Protective Life has offices in Alabama, Missouri and Kentucky.
===Leadership and board of directors===
Protective Life Corporation leadership includes Richard J. Bielen (President and CEO), Steve Walker (Vice Chairman, Finance and Risk), Scott Adams (EVP, Chief Transformation and Strategy Officer), Mark Drew (EVP, General Counsel and Secretary), Lance Black (EVP, Acquisitions and Corporate Development), Paul Wells (EVP and CFO), Phil Passafiume (EVP, Chief Investment Officer), Wade Harrison (EVP, Chief Retail Officer) and Wendy Evesque (EVP and CHRO).

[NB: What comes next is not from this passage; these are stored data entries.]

(* In $\mathrm{HMF}(\mathbb{C}^2,\Gamma_W,W)$, each $K_{x,i}$ ($1\le i\le p-1$) is orthogonal to each $K_{y,j}$ ($1\le j\le q-1$): $\mathrm{Hom}^\bullet(K_{x,i},K_{y,j})=\mathrm{Hom}^\bullet(K_{y,j},K_{x,i})=0$.
   Context: Let $p,q\ge2$ be integers and $W=x^py+xy^q$. Let $L$ be the abelian group generated by $\vec x,\vec y,\vec c$ modulo $p\vec x+\vec y=\vec x+q\vec y=\vec c$; $S=\mathbb{C}[x,y]$ is $L$-graded with $\deg x=\vec x$, $\deg y=\vec y$, and $R=S/(W)$; $M(l)_k=M_{k+l}$. $\mathrm{HMF}(\mathbb{C}^2,\Gamma_W,W)$ is the homotopy category of $L$-graded matrix factorisations of $W$, equivalent to $D^b(\mathrm{gr}R)/\mathrm{Perf}(\mathrm{gr}R)$, in which a finitely generated $L$-graded $R$-module is identified with its stabilisation; $\mathrm{Hom}^n(X,Y)=\mathrm{Hom}(X,Y[n])$. $K_x=R/(x)$, $K_y=R/(y)$, $K_{x,i}=K_x((i+1-p)\vec x)$, $K_{y,j}=K_y((j+1-q)\vec y)$. *)

theory Defs
  imports Complex_Main "HOL-Library.Poly_Mapping" "HOL-Library.Product_Plus"
begin

text \<open>Polynomials in x,y: finitely supported maps from exponent pairs (a,b)
  (standing for x^a y^b) to complex coefficients; multiplication is convolution.\<close>
type_synonym poly2 = "(nat \<times> nat) \<Rightarrow>\<^sub>0 complex"

definition varX :: poly2 where "varX = Poly_Mapping.single (1,0) 1"
definition varY :: poly2 where "varY = Poly_Mapping.single (0,1) 1"

definition W :: "nat \<Rightarrow> nat \<Rightarrow> poly2" where
  "W p q = varX ^ p * varY + varX * varY ^ q"

text \<open>Elements of the free abelian group on x,y,c: triples of coefficients
  (coefficient of x-vec, of y-vec, of c-vec).  L is this group modulo the
  subgroup generated by p x + y - c and x + q y - c.\<close>
type_synonym Lrep = "int \<times> int \<times> int"

definition vx :: Lrep where "vx = (1, 0, 0)"
definition vy :: Lrep where "vy = (0, 1, 0)"
definition vc :: Lrep where "vc = (0, 0, 1)"

definition Leq :: "nat \<Rightarrow> nat \<Rightarrow> Lrep \<Rightarrow> Lrep \<Rightarrow> bool" where
  "Leq p q u v \<longleftrightarrow> (\<exists>m n :: int.
      u - v = (m * int p + n, m + n * int q, - m - n))"

definition homog :: "nat \<Rightarrow> nat \<Rightarrow> Lrep \<Rightarrow> poly2 \<Rightarrow> bool" where
  "homog p q d f \<longleftrightarrow> (\<forall>(a,b) \<in> Poly_Mapping.keys f. Leq p q (int a, int b, 0) d)"

text \<open>A rank-one graded matrix factorisation
   X^0 --u0--> X^1 --u1--> X^0(c)
  with X^0 = S(e0), X^1 = S(e1) is recorded as the tuple (e0, e1, u0, u1).
  A degree-0 map S(a) \<rightarrow> S(b) is multiplication by a homogeneous polynomial
  of degree b - a.\<close>
type_synonym mf1 = "Lrep \<times> Lrep \<times> poly2 \<times> poly2"

definition is_mf1 :: "nat \<Rightarrow> nat \<Rightarrow> mf1 \<Rightarrow> bool" where
  "is_mf1 p q X = (case X of (e0, e1, u0, u1) \<Rightarrow>
     homog p q (e1 - e0) u0 \<and> homog p q (e0 + vc - e1) u1 \<and> u1 * u0 = W p q)"

text \<open>Shift functor: X[1]^0 = X^1, X[1]^1 = X^0(c), differentials -u1, -u0;
  so that [2] = (c).\<close>
definition shift1 :: "mf1 \<Rightarrow> mf1" where
  "shift1 X = (case X of (e0, e1, u0, u1) \<Rightarrow> (e1, e0 + vc, - u1, - u0))"

definition shiftm1 :: "mf1 \<Rightarrow> mf1" where
  "shiftm1 X = (case X of (e0, e1, u0, u1) \<Rightarrow> (e1 - vc, e0, - u1, - u0))"

definition shift :: "int \<Rightarrow> mf1 \<Rightarrow> mf1" where
  "shift n X = (if 0 \<le> n then (shift1 ^^ nat n) X else (shiftm1 ^^ nat (- n)) X)"

definition mf_morphism :: "nat \<Rightarrow> nat \<Rightarrow> mf1 \<Rightarrow> mf1 \<Rightarrow> poly2 \<times> poly2 \<Rightarrow> bool" where
  "mf_morphism p q X Z \<phi> = (case X of (e0, e1, u0, u1) \<Rightarrow> case Z of (f0, f1, v0, v1) \<Rightarrow>
     case \<phi> of (\<phi>0, \<phi>1) \<Rightarrow>
       homog p q (f0 - e0) \<phi>0 \<and> homog p q (f1 - e1) \<phi>1 \<and>
       v0 * \<phi>0 = \<phi>1 * u0 \<and> v1 * \<phi>1 = \<phi>0 * u1)"

definition mf_nullhomotopic :: "nat \<Rightarrow> nat \<Rightarrow> mf1 \<Rightarrow> mf1 \<Rightarrow> poly2 \<times> poly2 \<Rightarrow> bool" where
  "mf_nullhomotopic p q X Z \<phi> = (case X of (e0, e1, u0, u1) \<Rightarrow> case Z of (f0, f1, v0, v1) \<Rightarrow>
     case \<phi> of (\<phi>0, \<phi>1) \<Rightarrow>
       (\<exists>h0 h1. homog p q (f1 - vc - e0) h0 \<and> homog p q (f0 - e1) h1 \<and>
          \<phi>0 = h1 * u0 + v1 * h0 \<and> \<phi>1 = v0 * h1 + h0 * u1))"

definition hmf_hom_zero :: "nat \<Rightarrow> nat \<Rightarrow> mf1 \<Rightarrow> mf1 \<Rightarrow> bool" where
  "hmf_hom_zero p q X Z \<longleftrightarrow>
     (\<forall>\<phi>. mf_morphism p q X Z \<phi> \<longrightarrow> mf_nullhomotopic p q X Z \<phi>)"

definition hmf_homall_zero :: "nat \<Rightarrow> nat \<Rightarrow> mf1 \<Rightarrow> mf1 \<Rightarrow> bool" where
  "hmf_homall_zero p q X Z \<longleftrightarrow> (\<forall>n::int. hmf_hom_zero p q X (shift n Z))"

text \<open>For f homogeneous of degree df with f * g = W, the stabilisation of the
  graded R-module (R/(f))(l) is the matrix factorisation with
  X^0 = S(l - c), X^1 = S(l - df), u0 = g, u1 = f, so that
  coker(u1 : X^1 \<rightarrow> X^0(c)) = S(l)/f S(l - df) = (S/(f))(l) = (R/(f))(l).\<close>
definition stab_cyclic :: "Lrep \<Rightarrow> poly2 \<Rightarrow> poly2 \<Rightarrow> Lrep \<Rightarrow> mf1" where
  "stab_cyclic df f g l = (l - vc, l - df, g, f)"

definition Kx :: "nat \<Rightarrow> nat \<Rightarrow> Lrep \<Rightarrow> mf1" where
  "Kx p q l = stab_cyclic vx varX (varX ^ (p - 1) * varY + varY ^ q) l"

definition Ky :: "nat \<Rightarrow> nat \<Rightarrow> Lrep \<Rightarrow> mf1" where
  "Ky p q l = stab_cyclic vy varY (varX ^ p + varX * varY ^ (q - 1)) l"

definition Kxi :: "nat \<Rightarrow> nat \<Rightarrow> nat \<Rightarrow> mf1" where
  "Kxi p q i = Kx p q ((int i + 1 - int p) * 1, 0, 0)"

definition Kyj :: "nat \<Rightarrow> nat \<Rightarrow> nat \<Rightarrow> mf1" where
  "Kyj p q j = Ky p q (0, int j + 1 - int q, 0)"

end

theory Submission
  imports Defs
begin

text \<open>
  All objects are rank-one matrix factorisations, so a morphism is a pair of homogeneous
  polynomials and the question reduces to divisibility in \<open>\<complex>[x,y]\<close>.  Since \<open>[2] = (c)\<close>,
  every shift of a factorisation is a \<open>c\<close>-twist of it or of its first shift.
  Against a twist, a morphism \<open>K\<^sub>x \<rightarrow> K\<^sub>y(kc)\<close> satisfies \<open>y \<phi>\<^sub>1 = \<phi>\<^sub>0 x\<close>, so \<open>y\<close> divides
  \<open>\<phi>\<^sub>0\<close> and \<open>\<phi>\<^sub>0 / y\<close> is a homotopy.  Against a first shift, write \<open>W = x y s\<close>; then
  \<open>\<phi>\<^sub>0 = - s \<phi>\<^sub>1\<close>, and the degree of \<open>\<phi>\<^sub>1\<close> is nonzero in \<open>L\<close> because
  \<open>1 \<le> i \<le> p - 1\<close> and \<open>1 \<le> j \<le> q - 1\<close>.  Hence \<open>\<phi>\<^sub>1\<close> has no constant term,
  \<open>\<phi>\<^sub>1 = x A + y B\<close>, and \<open>(A, - B)\<close> is a homotopy.
\<close>

lemma lookup_map_key:
  assumes "inj f"
  shows "Poly_Mapping.lookup (Poly_Mapping.map_key f p) k = Poly_Mapping.lookup p (f k)"
proof -
  note [transfer_rule] = assms
  show ?thesis by transfer simp
qed

lemma lookup_single_one_mult:
  fixes f :: "'a::cancel_comm_monoid_add \<Rightarrow>\<^sub>0 'b::comm_semiring_1"
  shows "Poly_Mapping.lookup (Poly_Mapping.single m 1 * f) k =
    Sum_any (\<lambda>l. Poly_Mapping.lookup f l when k = m + l)"
  by (simp add: lookup_mult lookup_single when_mult)

lemma lookup_single_one_mult_plus [simp]:
  fixes f :: "'a::cancel_comm_monoid_add \<Rightarrow>\<^sub>0 'b::comm_semiring_1"
  shows "Poly_Mapping.lookup (Poly_Mapping.single m 1 * f) (m + k) = Poly_Mapping.lookup f k"
  by (simp add: lookup_single_one_mult when_def)

lemma lookup_single_one_mult_outside:
  fixes f :: "'a::cancel_comm_monoid_add \<Rightarrow>\<^sub>0 'b::comm_semiring_1"
  assumes "\<And>l. k \<noteq> m + l"
  shows "Poly_Mapping.lookup (Poly_Mapping.single m 1 * f) k = 0"
  using assms by (simp add: lookup_single_one_mult when_def)

lemma single_one_mult_left_cancel:
  fixes f g :: "'a::cancel_comm_monoid_add \<Rightarrow>\<^sub>0 'b::comm_semiring_1"
  assumes "Poly_Mapping.single m 1 * f = Poly_Mapping.single m 1 * g"
  shows "f = g"
proof (rule poly_mapping_eqI)
  fix k
  show "Poly_Mapping.lookup f k = Poly_Mapping.lookup g k"
    using arg_cong[OF assms, of "\<lambda>h. Poly_Mapping.lookup h (m + k)"] by simp
qed

lemma single_one_mult_map_key_plus:
  fixes f :: "'a::cancel_comm_monoid_add \<Rightarrow>\<^sub>0 'b::comm_semiring_1"
  assumes "\<And>k. k \<in> Poly_Mapping.keys f \<Longrightarrow> \<exists>l. k = m + l"
  shows "Poly_Mapping.single m 1 * Poly_Mapping.map_key ((+) m) f = f"
proof (rule poly_mapping_eqI)
  fix k
  show "Poly_Mapping.lookup (Poly_Mapping.single m 1 * Poly_Mapping.map_key ((+) m) f) k =
    Poly_Mapping.lookup f k"
  proof (cases "\<exists>l. k = m + l")
    case True
    then show ?thesis by (auto simp: lookup_map_key inj_on_def)
  next
    case False
    then show ?thesis using assms
      by (auto simp: lookup_single_one_mult_outside in_keys_iff)
  qed
qed

lemma exists_plus_unit_fst_iff: "(\<exists>l. k = (1, 0) + l) \<longleftrightarrow> 1 \<le> fst (k :: nat \<times> nat)"
proof
  assume "1 \<le> fst k"
  then have "k = (1, 0) + (fst k - 1, snd k)" by (simp add: prod_eq_iff)
  then show "\<exists>l. k = (1, 0) + l" ..
qed auto

lemma exists_plus_unit_snd_iff: "(\<exists>l. k = (0, 1) + l) \<longleftrightarrow> 1 \<le> snd (k :: nat \<times> nat)"
proof
  assume "1 \<le> snd k"
  then have "k = (0, 1) + (fst k, snd k - 1)" by (simp add: prod_eq_iff)
  then show "\<exists>l. k = (0, 1) + l" ..
qed auto

lemma unit_vectors_plus_cancel:
  fixes m n k l :: "nat \<times> nat"
  assumes "{m, n} = {(1, 0), (0, 1)}" and "m + k = n + l"
  shows "\<exists>l'. k = n + l'"
proof -
  from assms(1) consider "m = (1, 0)" "n = (0, 1)" | "m = (0, 1)" "n = (1, 0)"
    by (auto simp: doubleton_eq_iff)
  then show ?thesis
  proof cases
    case 1
    then have "1 \<le> snd k" using arg_cong[OF assms(2), of snd] by simp
    then show ?thesis unfolding 1 by (rule exists_plus_unit_snd_iff[THEN iffD2])
  next
    case 2
    then have "1 \<le> fst k" using arg_cong[OF assms(2), of fst] by simp
    then show ?thesis unfolding 2 by (rule exists_plus_unit_fst_iff[THEN iffD2])
  qed
qed

lemma unit_vectors_cover:
  fixes m n k :: "nat \<times> nat"
  assumes "{m, n} = {(1, 0), (0, 1)}" and "k \<noteq> 0"
  shows "(\<exists>l. k = m + l) \<or> (\<exists>l. k = n + l)"
proof -
  have "1 \<le> fst k \<or> 1 \<le> snd k" using assms(2) by (cases k) (auto simp: zero_prod_def)
  then have "(\<exists>l. k = (1, 0) + l) \<or> (\<exists>l. k = (0, 1) + l)"
    by (simp only: exists_plus_unit_fst_iff exists_plus_unit_snd_iff)
  then show ?thesis using assms(1) by (auto simp only: doubleton_eq_iff)
qed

The company's board of directors includes Michael J. Morrissey (chair), Richard J. Bielen, Stephen Barnham, Dawn Bulgarella, Joseph Guastella, Bruce Koepfgen, Jesse J. Spikes, Satoshi Takemoto, Mark Tarr, William A. Terry and W. Michael Warren Jr.. The board of Protective Life Corporation (“PLC”) is composed of eleven directors, four of whom are affiliated with the company and its subsidiaries, and eight who are independent. The independent directors are Michael J. Morrissey, Dawn Bulgarella, Joseph Guastella, Bruce Koepfgen, Jesse J. Spikes, Mark Tarr, William A. Terry and W. Michael Warren Jr.

===Operations===
The company offers plans in:

- Life insurance, including universal life, variable universal life, and bank-owned life insurance products offered through a network of brokers, stockbrokers and independent marketing organizations.
- Annuities, including fixed and variable annuity products sold through broker-dealers, financial institutions and brokers.
- Stable value products, including fixed and floating-rate funding agreements sold to the trustees of municipal bond proceeds, institutional investors, bank trust departments and money market funds.
- Asset protection, marketing extended service contracts and credit life and disability insurance to protect consumers’ investments in automobiles, watercraft and recreational vehicles.
- Acquisitions, consisting of policies originated by other companies and later acquired by Protective. The segment's primary focus is on life insurance policies and annuity products that were sold to individuals.

===Sponsorships===

In April 2019, Protective Life was announced as the naming sponsor for a 47,000-seat football stadium on the grounds of the Birmingham–Jefferson Convention Complex that opened on October 2, 2021. Protective Stadium is new home for UAB Blazers football, replacing Legion Field.

==Philanthropy==
The company established the Protective Life Foundation, which supports education and healthy development of at-risk youth. In addition, the foundation engages charitable activities to cultural organizations, civic and community initiatives, human services groups, and the United Way.